I think this is the reason why the dynamics you obtain from your UDE look very similar in all groups. Normalizing the inputs in ann_ude might help, e.g. something like:

umin = minimum(ode_data; dims=2)
umax = maximum(ode_data; dims=2)
normalize(u) = (u - umin) / (umax - umin)

ann_ude = FastChain((x, p) -> normalize(x), FastDense(3, 20, tanh), FastDense(20, 1))

(Maybe @ChrisRackauckas knows a more elegant way to do this...)

Normalizing your loss functions (the regular one and the kwarg continuity_loss in multiple_shoot) can also help.
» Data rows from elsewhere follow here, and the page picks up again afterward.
lemma green_antimono:
  assumes "0 < l" "l \<le> m"
  shows "green m x \<le> green l x"
  using assms green_series_term_antimono
  by (intro has_sum_mono[OF green_series_has_sum green_series_has_sum]) auto

lemma green_strict_antimono_origin:
  assumes l: "0 < l" and lm: "l < m"
  shows "green m 0 < green l 0"
proof (rule has_sum_strict_mono[OF green_series_has_sum green_series_has_sum _ UNIV_I[of 0]])
  show "p_pow 0 0 / (m + c) ^ Suc 0 < p_pow 0 0 / (l + c) ^ Suc 0"
    using l lm c_pos by (simp add: frac_less2)
qed (use assms green_series_term_antimono in auto)

text \<open>Maximum principle for \<open>l - \<A>\<close>: at a site where \<open>|w|\<close> is maximal, \<open>(\<A> w)(x\<^sub>0) w(x\<^sub>0) \<le> 0\<close>
  because \<open>p\<close> is nonnegative with mass \<open>c = -a(0)\<close>.\<close>
lemma resolvent_max_principle:
  assumes w: "w \<in> l2"
    and eq: "\<And>x. ((\<lambda>y. a (x - y) * w y) has_sum (l * w x + f x)) UNIV"
  obtains x0 where "\<And>x. \<bar>w x\<bar> \<le> \<bar>w x0\<bar>" "l * (w x0)\<^sup>2 \<le> - (f x0 * w x0)"
proof -
  obtain x0 where x0: "\<And>x. \<bar>w x\<bar> \<le> \<bar>w x0\<bar>"
    using square_summable_attains_max_abs w unfolding l2_def by blast
  have "((\<lambda>y. if y = x0 then c * w y else 0) has_sum c * w x0) UNIV"
    by (rule has_sum_finite_neutralI[of "{x0}"]) auto
  from has_sum_add[OF eq[of x0] this]
  have "((\<lambda>y. p (x0 - y) * w y) has_sum (l * w x0 + f x0 + c * w x0)) UNIV"
    by (rule has_sum_cong[THEN iffD1, rotated]) (auto simp: p_def algebra_simps)
  from has_sum_cmult_left[OF this, of "w x0"]
  have "(l * w x0 + f x0 + c * w x0) * w x0 \<le> c * (w x0)\<^sup>2"
  proof (rule has_sum_mono[OF _ p_reflect_has_sum])
    fix y
    have "w y * w x0 \<le> \<bar>w y\<bar> * \<bar>w x0\<bar>" by (metis abs_ge_self abs_mult)
    also have "\<dots> \<le> \<bar>w x0\<bar> * \<bar>w x0\<bar>" by (intro mult_right_mono x0) simp
    also have "\<dots> = (w x0)\<^sup>2" by (simp add: power2_eq_square)
    finally show "p (x0 - y) * w y * w x0 \<le> p (x0 - y) * (w x0)\<^sup>2"
      using p_nonneg by (simp add: mult.assoc mult_left_mono)
  qed
  then have "l * (w x0)\<^sup>2 \<le> - (f x0 * w x0)" by (simp add: algebra_simps power2_eq_square)
  with x0 that show ?thesis by blast
qed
Let me know if this fixes your problem!

bkuwahara commented 3 years ago

Much appreciated! Just normalizing the inputs to the NN makes the groups distinguishable, although they're still similar enough that the training doesn't really work. I tried normalizing the loss function (the regular one) and I get an error Mutating arrays is not supported. I've tried a number of different approaches, none of which actually involve mutating arrays as far as I can tell, so I'm not sure where this error comes from. Here's one of the versions I wrote which gave the error:

function loss(data, pred)
    d = similar(data)
        p = similar(pred)
    for i in 1:size(d, 1)
        d[i,:] = (data[i,:] .- umin[i]) ./ (umax[i] - umin[i])
        p[i,:] = (pred[i,:] .- umin[i]) ./ (umax[i] - umin[i])
    end
    return sum(abs2, d - p)
end

Is there a way to go about this that won't give me an error?

EDIT: I figured out how to do it. It seems like I had my eta value set much too high for the ADAM optimizer. Using a smaller value of eta and a larger group size makes a considerable difference. It's still not perfect, but I think I can get it to work from here.

adrhill commented 3 years ago

@bkuwahara Can this issue be closed?